Dataset excerpts Start Marker

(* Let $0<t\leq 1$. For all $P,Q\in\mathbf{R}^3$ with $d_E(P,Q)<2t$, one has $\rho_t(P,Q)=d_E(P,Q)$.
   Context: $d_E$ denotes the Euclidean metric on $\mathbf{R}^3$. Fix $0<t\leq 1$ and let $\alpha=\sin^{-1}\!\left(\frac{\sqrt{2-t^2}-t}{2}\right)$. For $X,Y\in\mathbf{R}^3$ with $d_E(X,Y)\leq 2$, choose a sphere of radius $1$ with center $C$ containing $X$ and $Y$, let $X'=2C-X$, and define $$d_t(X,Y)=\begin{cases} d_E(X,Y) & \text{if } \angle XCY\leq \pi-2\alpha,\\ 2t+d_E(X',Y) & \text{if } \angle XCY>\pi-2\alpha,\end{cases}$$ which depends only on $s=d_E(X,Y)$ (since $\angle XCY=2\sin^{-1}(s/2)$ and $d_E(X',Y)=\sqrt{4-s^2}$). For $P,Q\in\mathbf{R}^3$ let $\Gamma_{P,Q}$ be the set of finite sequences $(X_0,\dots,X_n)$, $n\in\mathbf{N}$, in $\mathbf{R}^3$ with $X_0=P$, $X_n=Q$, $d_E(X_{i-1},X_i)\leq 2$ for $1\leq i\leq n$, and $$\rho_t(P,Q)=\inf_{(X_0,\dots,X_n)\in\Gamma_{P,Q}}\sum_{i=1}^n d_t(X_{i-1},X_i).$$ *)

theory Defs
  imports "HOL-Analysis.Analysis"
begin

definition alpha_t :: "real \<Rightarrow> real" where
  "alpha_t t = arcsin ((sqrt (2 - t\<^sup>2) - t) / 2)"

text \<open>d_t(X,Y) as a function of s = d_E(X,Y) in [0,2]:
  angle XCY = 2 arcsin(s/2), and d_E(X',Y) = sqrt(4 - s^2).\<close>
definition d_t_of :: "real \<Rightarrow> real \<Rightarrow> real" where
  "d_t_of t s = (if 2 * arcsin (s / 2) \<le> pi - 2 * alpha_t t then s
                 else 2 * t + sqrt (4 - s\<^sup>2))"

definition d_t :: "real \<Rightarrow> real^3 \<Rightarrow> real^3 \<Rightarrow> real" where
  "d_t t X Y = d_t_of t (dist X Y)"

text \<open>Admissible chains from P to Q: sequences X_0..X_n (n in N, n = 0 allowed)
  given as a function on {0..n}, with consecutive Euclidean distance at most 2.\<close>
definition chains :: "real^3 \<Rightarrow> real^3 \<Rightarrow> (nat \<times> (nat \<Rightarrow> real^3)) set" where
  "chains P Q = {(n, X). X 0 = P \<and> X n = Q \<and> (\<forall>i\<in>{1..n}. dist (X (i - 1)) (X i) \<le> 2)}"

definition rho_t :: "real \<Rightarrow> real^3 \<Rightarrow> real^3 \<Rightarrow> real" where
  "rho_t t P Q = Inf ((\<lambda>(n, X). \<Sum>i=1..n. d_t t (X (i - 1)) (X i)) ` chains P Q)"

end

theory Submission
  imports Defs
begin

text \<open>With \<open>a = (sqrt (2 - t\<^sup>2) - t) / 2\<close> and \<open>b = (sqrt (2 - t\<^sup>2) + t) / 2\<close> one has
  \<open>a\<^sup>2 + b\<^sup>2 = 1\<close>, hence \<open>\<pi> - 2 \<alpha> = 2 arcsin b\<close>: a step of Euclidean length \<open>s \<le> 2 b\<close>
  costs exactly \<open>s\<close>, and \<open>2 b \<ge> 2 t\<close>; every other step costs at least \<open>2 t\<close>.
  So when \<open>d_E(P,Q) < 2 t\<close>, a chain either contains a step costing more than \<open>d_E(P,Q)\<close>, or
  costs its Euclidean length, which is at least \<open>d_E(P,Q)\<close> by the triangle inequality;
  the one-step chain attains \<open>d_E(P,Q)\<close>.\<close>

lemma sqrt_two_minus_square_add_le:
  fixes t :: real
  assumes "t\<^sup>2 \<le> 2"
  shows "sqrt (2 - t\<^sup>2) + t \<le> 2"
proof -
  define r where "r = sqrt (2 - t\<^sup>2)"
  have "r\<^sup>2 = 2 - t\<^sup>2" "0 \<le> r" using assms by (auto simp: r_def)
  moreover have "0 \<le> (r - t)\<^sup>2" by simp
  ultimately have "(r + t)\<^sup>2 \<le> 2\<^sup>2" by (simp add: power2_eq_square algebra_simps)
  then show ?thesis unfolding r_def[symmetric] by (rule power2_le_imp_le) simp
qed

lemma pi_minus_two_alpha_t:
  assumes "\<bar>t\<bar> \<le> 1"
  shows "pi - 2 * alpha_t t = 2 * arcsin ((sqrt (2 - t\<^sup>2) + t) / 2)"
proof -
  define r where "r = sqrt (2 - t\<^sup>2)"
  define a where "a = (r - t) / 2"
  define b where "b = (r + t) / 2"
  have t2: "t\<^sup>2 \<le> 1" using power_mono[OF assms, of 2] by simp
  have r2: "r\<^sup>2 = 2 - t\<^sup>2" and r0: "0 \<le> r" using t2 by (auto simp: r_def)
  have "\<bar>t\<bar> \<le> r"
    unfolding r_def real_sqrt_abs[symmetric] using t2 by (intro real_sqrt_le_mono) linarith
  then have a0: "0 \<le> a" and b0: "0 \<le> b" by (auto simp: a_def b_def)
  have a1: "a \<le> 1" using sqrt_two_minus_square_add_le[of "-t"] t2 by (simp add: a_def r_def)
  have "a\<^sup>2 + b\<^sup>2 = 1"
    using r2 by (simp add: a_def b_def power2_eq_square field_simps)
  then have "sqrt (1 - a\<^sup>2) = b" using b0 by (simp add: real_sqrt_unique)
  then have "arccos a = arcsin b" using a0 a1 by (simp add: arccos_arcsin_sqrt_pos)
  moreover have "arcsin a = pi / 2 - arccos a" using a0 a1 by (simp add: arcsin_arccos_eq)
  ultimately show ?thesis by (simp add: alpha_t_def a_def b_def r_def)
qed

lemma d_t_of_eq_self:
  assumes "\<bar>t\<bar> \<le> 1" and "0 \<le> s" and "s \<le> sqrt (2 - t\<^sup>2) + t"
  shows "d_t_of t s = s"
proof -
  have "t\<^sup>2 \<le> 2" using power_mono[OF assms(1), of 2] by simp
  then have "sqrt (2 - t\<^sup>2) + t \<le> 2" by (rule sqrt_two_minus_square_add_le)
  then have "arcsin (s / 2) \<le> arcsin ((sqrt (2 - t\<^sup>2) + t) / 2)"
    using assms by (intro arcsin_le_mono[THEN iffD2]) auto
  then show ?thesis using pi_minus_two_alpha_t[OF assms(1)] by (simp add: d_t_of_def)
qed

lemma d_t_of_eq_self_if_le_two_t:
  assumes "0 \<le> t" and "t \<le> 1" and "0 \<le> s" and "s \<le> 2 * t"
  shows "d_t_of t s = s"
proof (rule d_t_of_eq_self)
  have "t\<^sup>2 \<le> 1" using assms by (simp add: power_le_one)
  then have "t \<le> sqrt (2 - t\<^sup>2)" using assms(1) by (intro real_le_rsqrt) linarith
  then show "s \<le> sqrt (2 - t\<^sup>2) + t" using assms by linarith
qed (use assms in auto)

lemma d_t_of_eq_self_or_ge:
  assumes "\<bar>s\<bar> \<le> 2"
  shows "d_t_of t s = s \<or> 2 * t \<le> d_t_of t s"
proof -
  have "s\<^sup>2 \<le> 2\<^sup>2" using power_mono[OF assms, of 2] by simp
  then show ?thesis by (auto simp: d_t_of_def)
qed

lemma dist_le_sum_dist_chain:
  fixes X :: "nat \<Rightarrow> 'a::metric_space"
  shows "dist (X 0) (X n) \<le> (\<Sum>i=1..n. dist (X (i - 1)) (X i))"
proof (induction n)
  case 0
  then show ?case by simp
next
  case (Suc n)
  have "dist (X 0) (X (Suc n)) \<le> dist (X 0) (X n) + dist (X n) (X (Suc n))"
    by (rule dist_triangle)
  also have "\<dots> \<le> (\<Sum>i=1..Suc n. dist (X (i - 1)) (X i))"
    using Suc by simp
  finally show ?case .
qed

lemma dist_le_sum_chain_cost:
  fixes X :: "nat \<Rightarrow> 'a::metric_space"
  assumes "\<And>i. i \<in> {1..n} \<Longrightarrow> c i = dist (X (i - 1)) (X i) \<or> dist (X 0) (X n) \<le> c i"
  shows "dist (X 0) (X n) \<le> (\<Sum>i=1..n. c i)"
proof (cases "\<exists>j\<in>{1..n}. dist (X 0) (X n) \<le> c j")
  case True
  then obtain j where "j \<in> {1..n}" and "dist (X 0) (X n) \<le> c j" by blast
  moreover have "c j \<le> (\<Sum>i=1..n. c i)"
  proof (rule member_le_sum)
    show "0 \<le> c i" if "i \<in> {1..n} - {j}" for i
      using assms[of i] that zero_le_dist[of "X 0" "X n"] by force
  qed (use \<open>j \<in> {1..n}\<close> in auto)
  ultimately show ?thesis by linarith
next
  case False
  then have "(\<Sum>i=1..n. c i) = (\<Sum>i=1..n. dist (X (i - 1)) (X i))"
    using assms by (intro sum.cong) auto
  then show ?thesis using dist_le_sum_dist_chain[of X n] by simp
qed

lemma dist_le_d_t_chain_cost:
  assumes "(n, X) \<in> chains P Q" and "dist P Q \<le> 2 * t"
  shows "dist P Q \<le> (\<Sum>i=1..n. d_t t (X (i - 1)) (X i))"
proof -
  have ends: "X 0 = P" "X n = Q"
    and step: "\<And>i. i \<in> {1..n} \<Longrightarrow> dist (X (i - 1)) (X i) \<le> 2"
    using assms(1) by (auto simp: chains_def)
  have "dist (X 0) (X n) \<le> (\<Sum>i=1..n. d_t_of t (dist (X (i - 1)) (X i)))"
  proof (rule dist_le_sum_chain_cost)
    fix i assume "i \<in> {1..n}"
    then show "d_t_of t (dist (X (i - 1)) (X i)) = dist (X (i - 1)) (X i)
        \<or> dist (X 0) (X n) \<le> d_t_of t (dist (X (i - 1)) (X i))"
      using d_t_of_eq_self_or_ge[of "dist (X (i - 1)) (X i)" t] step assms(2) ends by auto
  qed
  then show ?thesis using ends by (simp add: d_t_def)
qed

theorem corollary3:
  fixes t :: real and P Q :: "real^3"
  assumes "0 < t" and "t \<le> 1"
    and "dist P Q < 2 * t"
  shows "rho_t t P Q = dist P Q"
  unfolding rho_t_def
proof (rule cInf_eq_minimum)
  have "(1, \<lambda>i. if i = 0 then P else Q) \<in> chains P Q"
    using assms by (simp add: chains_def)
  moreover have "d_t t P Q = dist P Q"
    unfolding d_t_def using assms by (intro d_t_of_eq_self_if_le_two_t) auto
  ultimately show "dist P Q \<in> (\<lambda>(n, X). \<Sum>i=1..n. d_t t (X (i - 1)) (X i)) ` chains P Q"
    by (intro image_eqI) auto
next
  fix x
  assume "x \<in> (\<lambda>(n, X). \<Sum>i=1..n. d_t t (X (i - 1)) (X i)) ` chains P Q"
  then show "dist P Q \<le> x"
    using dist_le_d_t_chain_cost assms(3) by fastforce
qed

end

Dataset excerpts End Marker

◆ **Exercise prompt**: Copy out the lines above exactly, beginning at the one that contains "then obtain j" and ending at the one that contains "fix i assume".

◆ **Expected output**:
  then obtain j where "j \<in> {1..n}" and "dist (X 0) (X n) \<le> c j" by blast
  moreover have "c j \<le> (\<Sum>i=1..n. c i)"
  proof (rule member_le_sum)
    show "0 \<le> c i" if "i \<in> {1..n} - {j}" for i
      using assms[of i] that zero_le_dist[of "X 0" "X n"] by force
  qed (use \<open>j \<in> {1..n}\<close> in auto)
  ultimately show ?thesis by linarith
next
  case False
  then have "(\<Sum>i=1..n. c i) = (\<Sum>i=1..n. dist (X (i - 1)) (X i))"
    using assms by (intro sum.cong) auto
  then show ?thesis using dist_le_sum_dist_chain[of X n] by simp
qed

lemma dist_le_d_t_chain_cost:
  assumes "(n, X) \<in> chains P Q" and "dist P Q \<le> 2 * t"
  shows "dist P Q \<le> (\<Sum>i=1..n. d_t t (X (i - 1)) (X i))"
proof -
  have ends: "X 0 = P" "X n = Q"
    and step: "\<And>i. i \<in> {1..n} \<Longrightarrow> dist (X (i - 1)) (X i) \<le> 2"
    using assms(1) by (auto simp: chains_def)
  have "dist (X 0) (X n) \<le> (\<Sum>i=1..n. d_t_of t (dist (X (i - 1)) (X i)))"
  proof (rule dist_le_sum_chain_cost)
    fix i assume "i \<in> {1..n}"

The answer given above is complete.